- **PROBLEM REQUIREMENTS**
Check each line of the records below and collect those holding "fixes".

- **SOURCE DATA**
lemma cycle_expansion_if_outside_sees_ends:
  assumes "graph V E" "S \<subseteq> V" "S \<noteq> V" and pe: "path_expansion E S k \<phi>"
    and ends: "\<forall>w\<in>V - S. \<forall>x\<in>S. E w x \<longleftrightarrow> \<phi> x = 0 \<or> \<phi> x = k"
    and clique: "\<forall>w\<in>V - S. \<forall>w'\<in>V - S. w \<noteq> w' \<longrightarrow> E w w'"
  shows "expansion_of V E (cycle_V (k + 2)) (cycle_E (k + 2))"
proof -
  define \<psi> where "\<psi> x = (if x \<in> S then \<phi> x else k + 1)" for x
  have "\<psi> ` V = \<phi> ` S \<union> {k + 1}"
    using assms(2,3) unfolding \<psi>_def by auto
  also have "\<dots> = cycle_V (k + 2)"
    using pe unfolding path_expansion_def cycle_V_def by auto
  finally have "\<psi> ` V = cycle_V (k + 2)" .
  moreover have "E x y \<longleftrightarrow> \<psi> x = \<psi> y \<or> cycle_E (k + 2) (\<psi> x) (\<psi> y)"
    if "x \<in> V" "y \<in> V" "x \<noteq> y" for x y
  proof (cases "x \<in> S"; cases "y \<in> S")
    assume "x \<in> S" "y \<in> S"
    then show ?thesis
      using that path_expansion_adj[OF pe, of x y] path_expansion_le[OF pe, of x]
        path_expansion_le[OF pe, of y]
      unfolding \<psi>_def cycle_E_iff by auto
  next
    assume "x \<in> S" "y \<notin> S"
    moreover have "E x y \<longleftrightarrow> E y x"
      using graph_sym[OF assms(1)] by blast
    ultimately show ?thesis
      using that ends path_expansion_le[OF pe, of x] unfolding \<psi>_def cycle_E_iff by auto
  next
    assume "x \<notin> S" "y \<in> S"
    then show ?thesis
      using that ends path_expansion_le[OF pe, of y] unfolding \<psi>_def cycle_E_iff by auto
  next
    assume "x \<notin> S" "y \<notin> S"
    then show ?thesis
      using that clique unfolding \<psi>_def by simp
  qed
  ultimately show ?thesis
    unfolding expansion_of_def by blast
qed

context claw_bull_free_graph
begin

lemma outer_vertexI:
  "path_expansion E S k \<phi> \<Longrightarrow> 4 \<le> k \<Longrightarrow> v \<notin> S \<Longrightarrow> outer_vertex V E S k \<phi> v"
  by unfold_locales (use graph claw_bull_free in auto)

lemma path_expansion_extend:
  assumes pe: "path_expansion E S k \<phi>" and "4 \<le> k" "v \<notin> S" "\<exists>x\<in>S. E v x"
    and not_ends: "\<not> (\<forall>x\<in>S. E v x \<longleftrightarrow> \<phi> x = 0 \<or> \<phi> x = k)"
  shows "\<exists>k' \<psi>. k \<le> k' \<and> path_expansion E (insert v S) k' \<psi>"
proof -
  interpret outer_vertex V E S k \<phi> v
    using outer_vertexI assms by blast
  have insert: "\<exists>k' \<psi>. k \<le> k' \<and> path_expansion E (insert v S) k' \<psi>"
    if "path_expansion E S k \<chi>" "m \<le> k + 1" "\<forall>x\<in>S. E v x \<longleftrightarrow> \<chi> x \<le> m + 1 \<and> m \<le> \<chi> x + 1" for \<chi> m
  proof -
    have "\<forall>x\<in>S. E x v \<longleftrightarrow> E v x"
      using adj_sym by blast
    then show ?thesis
      using path_expansion_insert[OF that(1) \<open>v \<notin> S\<close> adj_irrefl _ that(2,3)] max.cobounded1 by blast
  qed
  consider (around) m where "m \<le> k + 1" "\<forall>x\<in>S. E v x \<longleftrightarrow> \<phi> x \<le> m + 1 \<and> m \<le> \<phi> x + 1"
    | (first) "\<forall>x\<in>S. E v x \<longleftrightarrow> \<phi> x = 0"
    using neighbourhood_cases[OF assms(4)] not_ends by blast
  then show ?thesis
  proof cases
    case around
    then show ?thesis
      by (rule insert[OF pe])
  next
    case first
    have "\<forall>x\<in>S. E v x \<longleftrightarrow> k - \<phi> x \<le> k + 2 \<and> k + 1 \<le> k - \<phi> x + 1"
    proof
      fix x assume "x \<in> S"
      have "k - \<phi> x \<le> k + 2 \<and> k + 1 \<le> k - \<phi> x + 1 \<longleftrightarrow> \<phi> x = 0"
        using \<open>4 \<le> k\<close> by arith
      then show "E v x \<longleftrightarrow> k - \<phi> x \<le> k + 2 \<and> k + 1 \<le> k - \<phi> x + 1"
        using first \<open>x \<in> S\<close> by simp
    qed
    then show ?thesis
      using insert[OF path_expansion_mirror[OF pe], of "k + 1"] by simp
  qed
qed

end

locale connected_claw_bull_free_graph = claw_bull_free_graph +
  assumes connected: "connected_graph V E"
begin

lemma outside_sees_ends_and_is_clique:
  assumes "S \<subseteq> V" and pe: "path_expansion E S k \<phi>" and "4 \<le> k"
    and ends: "\<forall>w\<in>V - S. (\<exists>x\<in>S. E w x) \<longrightarrow> (\<forall>x\<in>S. E w x \<longleftrightarrow> \<phi> x = 0 \<or> \<phi> x = k)"
  shows "\<forall>w\<in>V - S. \<forall>x\<in>S. E w x \<longleftrightarrow> \<phi> x = 0 \<or> \<phi> x = k"
    and "\<forall>w\<in>V - S. \<forall>w'\<in>V - S. w \<noteq> w' \<longrightarrow> E w w'"
proof -
  obtain r0 r1 rk where r: "r0 \<in> S" "\<phi> r0 = 0" "r1 \<in> S" "\<phi> r1 = 1" "rk \<in> S" "\<phi> rk = k"
    using path_expansion_surj[OF pe, of 0] path_expansion_surj[OF pe, of 1]
      path_expansion_surj[OF pe, of k] \<open>4 \<le> k\<close> by auto
  have "\<not> E r0 rk" "E r0 r1"
    using path_expansion_adj[OF pe] r \<open>4 \<le> k\<close> by auto
  have "\<exists>x\<in>S. E w x" if "w \<in> V - S" for w
  proof (rule ccontr)
    assume "\<not> (\<exists>x\<in>S. E w x)"
    moreover have "r0 \<in> V" "w \<in> V" "w \<notin> S"
      using assms(1) r(1) that by auto
    ultimately obtain z y where zy: "E z y" "z \<notin> S" "\<forall>t\<in>S. \<not> E z t" "y \<notin> S" "\<exists>t\<in>S. E y t"
      using connected_graph_vertex_at_distance_two[OF connected r(1)] by blast
    then have "\<forall>x\<in>S. E y x \<longleftrightarrow> \<phi> x = 0 \<or> \<phi> x = k"
      using ends adj_in_V(2)[OF zy(1)] by blast
    then have "E y r0" "E y rk" "\<not> E z r0" "\<not> E z rk" "z \<noteq> r0" "z \<noteq> rk" "r0 \<noteq> rk"
      using zy r \<open>4 \<le> k\<close> by auto
    then show False
      using no_claw[OF adj_sym[OF zy(1)]] \<open>\<not> E r0 rk\<close> by blast
  qed
  then show attached: "\<forall>w\<in>V - S. \<forall>x\<in>S. E w x \<longleftrightarrow> \<phi> x = 0 \<or> \<phi> x = k"
    using ends by blast
  show "\<forall>w\<in>V - S. \<forall>w'\<in>V - S. w \<noteq> w' \<longrightarrow> E w w'"
  proof (intro ballI impI, rule ccontr)
    fix w w' assume "w \<in> V - S" "w' \<in> V - S" "w \<noteq> w'" "\<not> E w w'"
    moreover have "E w r0" "E w' r0" "\<not> E w r1" "\<not> E w' r1" "w \<noteq> r1" "w' \<noteq> r1"
      using attached r calculation \<open>4 \<le> k\<close> by auto
    ultimately show False
      using no_claw[OF adj_sym adj_sym \<open>E r0 r1\<close>] by blast
  qed
qed

lemma unextendable_path_expansion_exists:
  assumes "has_induced V E (path_V 4) (path_E 4)"
  shows "\<exists>M k \<phi>. M \<subseteq> V \<and> 4 \<le> k \<and> path_expansion E M k \<phi> \<and>
    (\<forall>w\<in>V - M. (\<exists>x\<in>M. E w x) \<longrightarrow> (\<forall>x\<in>M. E w x \<longleftrightarrow> \<phi> x = 0 \<or> \<phi> x = k))"
proof -
  let ?P = "\<lambda>S. S \<subseteq> V \<and> (\<exists>k \<phi>. 4 \<le> k \<and> path_expansion E S k \<phi>)"
  have "finite V"
    using graph unfolding graph_def by blast
  then have "\<forall>S. ?P S \<longrightarrow> card S < card V + 1"
    by (simp add: card_mono less_Suc_eq_le)
  moreover obtain S \<phi> where "S \<subseteq> V" "path_expansion E S 4 \<phi>"
    using has_induced_path_imp_path_expansion[OF assms] by blast
  then have "?P S"
    by auto
  ultimately obtain M where "?P M" and maximal: "\<forall>S. ?P S \<longrightarrow> card S \<le> card M"
    using ex_has_greatest_nat[of ?P S card "card V + 1"] by blast
  then obtain k \<phi> where "M \<subseteq> V" "4 \<le> k" and pe: "path_expansion E M k \<phi>"
    by blast
  have "\<forall>w\<in>V - M. (\<exists>x\<in>M. E w x) \<longrightarrow> (\<forall>x\<in>M. E w x \<longleftrightarrow> \<phi> x = 0 \<or> \<phi> x = k)"
  proof (rule ballI, rule impI, rule ccontr)
    fix w assume w: "w \<in> V - M" "\<exists>x\<in>M. E w x" "\<not> (\<forall>x\<in>M. E w x \<longleftrightarrow> \<phi> x = 0 \<or> \<phi> x = k)"
    then obtain k' \<psi> where "k \<le> k'" "path_expansion E (insert w M) k' \<psi>"
      using path_expansion_extend[OF pe \<open>4 \<le> k\<close>] by blast
    moreover have "4 \<le> k'"
      using \<open>4 \<le> k\<close> \<open>k \<le> k'\<close> by simp
    ultimately have "?P (insert w M)"
      using w(1) \<open>M \<subseteq> V\<close> by blast
    then have "card (insert w M) \<le> card M"
      using maximal by blast
    moreover have "finite M"
      using finite_subset[OF \<open>M \<subseteq> V\<close> \<open>finite V\<close>] .
    ultimately show False
      using w(1) by simp
  qed
  then show ?thesis
    using \<open>M \<subseteq> V\<close> \<open>4 \<le> k\<close> pe by blast
qed
lemma polyfun_common_nonzero:
  assumes "P \<in> polyfun" "Q \<in> polyfun" "P x \<noteq> 0" "Q y \<noteq> 0"
  shows "\<exists>z. P z \<noteq> 0 \<and> Q z \<noteq> 0"
proof -
  obtain p where p: "\<And>t. P (\<lambda>v. x v + t * (y v - x v)) = poly p t"
    using polyfun_on_line[OF assms(1)] by blast
  obtain q where q: "\<And>t. Q (\<lambda>v. x v + t * (y v - x v)) = poly q t"
    using polyfun_on_line[OF assms(2)] by blast
  have "poly p 0 \<noteq> 0" "poly q 1 \<noteq> 0"
    using p[of 0] q[of 1] assms(3,4) by simp_all
  then have "p * q \<noteq> 0" by auto
  then have "finite {t. poly (p * q) t = 0}" by (rule poly_roots_finite)
  then obtain t where "t \<notin> {t. poly (p * q) t = 0}"
    using ex_new_if_finite[OF infinite_UNIV_char_0] by blast
  then show ?thesis using p q by (intro exI[of _ "\<lambda>v. x v + t * (y v - x v)"]) simp
qed

lemma polyfun_injective_locus:
  fixes M :: "('v \<Rightarrow> complex) \<Rightarrow> complex^'n^'m"
  assumes entries: "\<And>i j. (\<lambda>x. M x $ i $ j) \<in> polyfun"
    and inj0: "\<And>y. M x0 *v y = 0 \<Longrightarrow> y = 0"
  shows "\<exists>P\<in>polyfun. P x0 \<noteq> 0 \<and> (\<forall>x. P x \<noteq> 0 \<longrightarrow> (\<forall>y. M x *v y = 0 \<longrightarrow> y = 0))"
proof -
  obtain B where B: "B ** M x0 = mat 1"
    using inj0 matrix_left_invertible_ker by blast
  let ?P = "\<lambda>x. det (B ** M x)"
  have inj: "\<forall>y. M x *v y = 0 \<longrightarrow> y = 0" if "?P x \<noteq> 0" for x
  proof -
    have "invertible (B ** M x)"
      using that by (simp add: invertible_det_nz)
    then obtain C where "C ** (B ** M x) = mat 1"
      unfolding invertible_def by blast
    then have "(C ** B) ** M x = mat 1" by (simp add: matrix_mul_assoc)
    then show ?thesis using matrix_left_invertible_ker by metis
  qed
  have "?P x0 \<noteq> 0"
    using B by simp
  then have "?P x0 \<noteq> 0 \<and> (\<forall>x. ?P x \<noteq> 0 \<longrightarrow> (\<forall>y. M x *v y = 0 \<longrightarrow> y = 0))"
    using inj by blast
  moreover have "?P \<in> polyfun"
    by (intro polyfun_det polyfun_matrix_mult entries)
  ultimately show ?thesis by (rule bexI)
qed

definition symm_rows :: "('k \<Rightarrow> 'r::semiring_1^'a^'b) \<Rightarrow> ('k \<Rightarrow> 'r^'b) \<Rightarrow> bool" where
  "symm_rows A y \<longleftrightarrow> (\<forall>i j. y j v* A i = y i v* A j)"

lemma symm_rows_eq_0:
  fixes F :: "'k \<Rightarrow> 'r::comm_ring_1^'a^'b" and P :: "'t \<Rightarrow> 'r^'a^'b"
    and D S :: "'r^'a^'a" and h :: "'t \<Rightarrow> nat \<Rightarrow> 'k"
  assumes cover: "\<And>z. (\<And>t. t \<in> T \<Longrightarrow> z v* P t = 0) \<Longrightarrow> z = 0"
    and comm: "\<And>u. (u v* S) v* D = (u v* D) v* S \<Longrightarrow> u = 0"
    and blocks: "\<And>t. t \<in> T \<Longrightarrow> F (h t 0) = P t \<and> F (h t 1) = P t ** D \<and> F (h t 2) = P t ** S"
    and symm: "symm_rows F y"
  shows "y i = 0"
proof -
  have sym: "y j v* F i = y i v* F j" for i j
    using symm unfolding symm_rows_def by blast
  have head: "y (h t 0) v* P t' = 0" if t: "t \<in> T" and t': "t' \<in> T" for t t'
  proof -
    let ?u = "\<lambda>t t'. y (h t 0) v* P t'"
    have "?u t t' = ?u t' t"
      using sym[of "h t' 0" "h t 0"] blocks[OF t] blocks[OF t'] by simp
    moreover have "y (h t 1) v* P t' = ?u t' t v* D"
      using sym[of "h t 1" "h t' 0"] blocks[OF t] blocks[OF t'] by (simp add: vector_matrix_mul_assoc)
    moreover have "y (h t' 2) v* P t = ?u t t' v* S"
      using sym[of "h t' 2" "h t 0"] blocks[OF t] blocks[OF t'] by (simp add: vector_matrix_mul_assoc)
    moreover have "(y (h t 1) v* P t') v* S = (y (h t' 2) v* P t) v* D"
      using sym[of "h t' 2" "h t 1"] blocks[OF t] blocks[OF t'] by (simp add: vector_matrix_mul_assoc)
    ultimately have "(?u t t' v* S) v* D = (?u t t' v* D) v* S" by simp
    then show ?thesis by (rule comm)
  qed
  have head_0: "y (h t 0) = 0" if "t \<in> T" for t
    using head[OF that] by (rule cover)
  have "y i v* P t = 0" if "t \<in> T" for t
    using sym[of "h t 0" i] blocks[OF that] head_0[OF that] by simp
  then show ?thesis by (rule cover)
qed

definition perm_matrix :: "('a \<Rightarrow> 'a) \<Rightarrow> 'r::semiring_1^'a^'a" where
  "perm_matrix \<sigma> = (\<chi> i j. if \<sigma> i = j then 1 else 0)"

definition diag_matrix :: "('a \<Rightarrow> 'r::semiring_1) \<Rightarrow> 'r^'a^'a" where
  "diag_matrix d = (\<chi> i j. if i = j then d i else 0)"

lemma vector_perm_matrix_apply:
  assumes "inj \<sigma>"
  shows "(v v* perm_matrix \<sigma>) $ \<sigma> i = v $ i"
proof -
  have "(v v* perm_matrix \<sigma>) $ \<sigma> i = (\<Sum>k\<in>UNIV. if k = i then v $ k else 0)"
    unfolding vector_matrix_mult_def perm_matrix_def vec_lambda_beta
    using injD[OF assms] by (intro sum.cong) auto
  then show ?thesis by simp
qed

lemma vector_diag_matrix_apply: "(v v* diag_matrix d) $ i = v $ i * d i"
proof -
  have "(v v* diag_matrix d) $ i = (\<Sum>k\<in>UNIV. if k = i then v $ k * d k else 0)"
    unfolding vector_matrix_mult_def diag_matrix_def vec_lambda_beta by (intro sum.cong) auto
  then show ?thesis by simp
qed

lemma perm_diag_commute_eq_0:
  fixes u :: "'r::idom^'a"
  assumes \<sigma>: "inj \<sigma>" "\<And>i. \<sigma> i \<noteq> i" and d: "inj d"
    and comm: "(u v* perm_matrix \<sigma>) v* diag_matrix d = (u v* diag_matrix d) v* perm_matrix \<sigma>"
  shows "u = 0"
proof -
  have "u $ i = 0" for i
  proof -
    have "u $ i * d (\<sigma> i) = u $ i * d i"
      using arg_cong[OF comm, of "\<lambda>v. v $ \<sigma> i"]
      by (simp add: vector_diag_matrix_apply vector_perm_matrix_apply[OF \<sigma>(1)])
    moreover have "d (\<sigma> i) \<noteq> d i"
      using \<sigma>(2) injD[OF d] by blast
    ultimately show ?thesis by simp
  qed
  then show ?thesis by (simp add: vec_eq_iff)
qed

definition block_matrix :: "('b \<Rightarrow> 't \<times> 'a) \<Rightarrow> 't \<Rightarrow> 'r::semiring_1^'a^'b" where
  "block_matrix g t = (\<chi> r s. if g r = (t, s) then 1 else 0)"

lemma block_matrix_cover:
  fixes z :: "'r::semiring_1^'b"
  assumes g: "inj g" "\<And>r. fst (g r) \<in> T"
    and z: "\<And>t. t \<in> T \<Longrightarrow> z v* block_matrix g t = 0"
  shows "z = 0"
proof -
  have "z $ r = 0" for r
  proof -
    obtain t s where ts: "g r = (t, s)" by fastforce
    have "(z v* block_matrix g t) $ s = (\<Sum>k\<in>UNIV. if k = r then z $ k else 0)"
      unfolding vector_matrix_mult_def block_matrix_def vec_lambda_beta
      using injD[OF g(1)] ts by (intro sum.cong) auto
    then show ?thesis using z g(2)[of r] ts by simp
  qed
  then show ?thesis by (simp add: vec_eq_iff)
qed

lemma ex_fixpoint_free_inj:
  assumes "1 < CARD('a::finite)"
  shows "\<exists>\<sigma> :: 'a \<Rightarrow> 'a. inj \<sigma> \<and> (\<forall>x. \<sigma> x \<noteq> x)"
proof -
  obtain xs :: "'a list" where xs: "set xs = UNIV" "distinct xs"
    using finite_distinct_list[of "UNIV :: 'a set"] by auto
  have len: "length xs = CARD('a)"
    using xs distinct_card by fastforce
  let ?\<sigma> = "cycle_of_list xs"
  have "?\<sigma> x \<noteq> x" for x
  proof -
    obtain n where n: "n < length xs" "x = xs ! n"
      using xs(1) in_set_conv_nth by (metis UNIV_I)
    have "map ?\<sigma> xs = rotate1 xs"
      using cyclic_rotation[OF xs(2), of 1] by simp
    then have "?\<sigma> x = rotate1 xs ! n"
      using n by (metis nth_map)
    also have "\<dots> = xs ! (Suc n mod length xs)"
      using n(1) by (rule nth_rotate1)
    finally have "?\<sigma> x = xs ! (Suc n mod length xs)" .
    moreover have "Suc n mod length xs \<noteq> n"
      using n(1) assms len by (auto simp: mod_if)
    moreover have "Suc n mod length xs < length xs"
      using n(1) by (intro mod_less_divisor) linarith
    ultimately show ?thesis
      using n xs(2) by (simp add: nth_eq_iff_index_eq)
  qed
  moreover have "inj ?\<sigma>"
    using cycle_permutes[of xs] xs(1) permutes_inj by fastforce
  ultimately show ?thesis by blast
qed

lemma ex_inj_into_blocks:
  assumes "CARD('b::finite) \<le> p * CARD('a::finite)"
  shows "\<exists>g :: 'b \<Rightarrow> nat \<times> 'a. inj g \<and> (\<forall>r. fst (g r) < p)"
proof -
  have "card (UNIV :: 'b set) \<le> card ({..<p} \<times> (UNIV :: 'a set))"
    using assms by (simp add: card_cartesian_product)
  then obtain g :: "'b \<Rightarrow> nat \<times> 'a" where g: "g ` UNIV \<subseteq> {..<p} \<times> UNIV" "inj g"
    using card_le_inj[of "UNIV :: 'b set" "{..<p} \<times> (UNIV :: 'a set)"] by auto
  have "fst (g r) < p" for r
    using g(1) by (auto simp: image_subset_iff mem_Times_iff)
  then show ?thesis using g(2) by blast
qed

- **THE ANSWER**
  fixes M :: "('v \<Rightarrow> complex) \<Rightarrow> complex^'n^'m"
  fixes F :: "'k \<Rightarrow> 'r::comm_ring_1^'a^'b" and P :: "'t \<Rightarrow> 'r^'a^'b"
  fixes u :: "'r::idom^'a"
  fixes z :: "'r::semiring_1^'b"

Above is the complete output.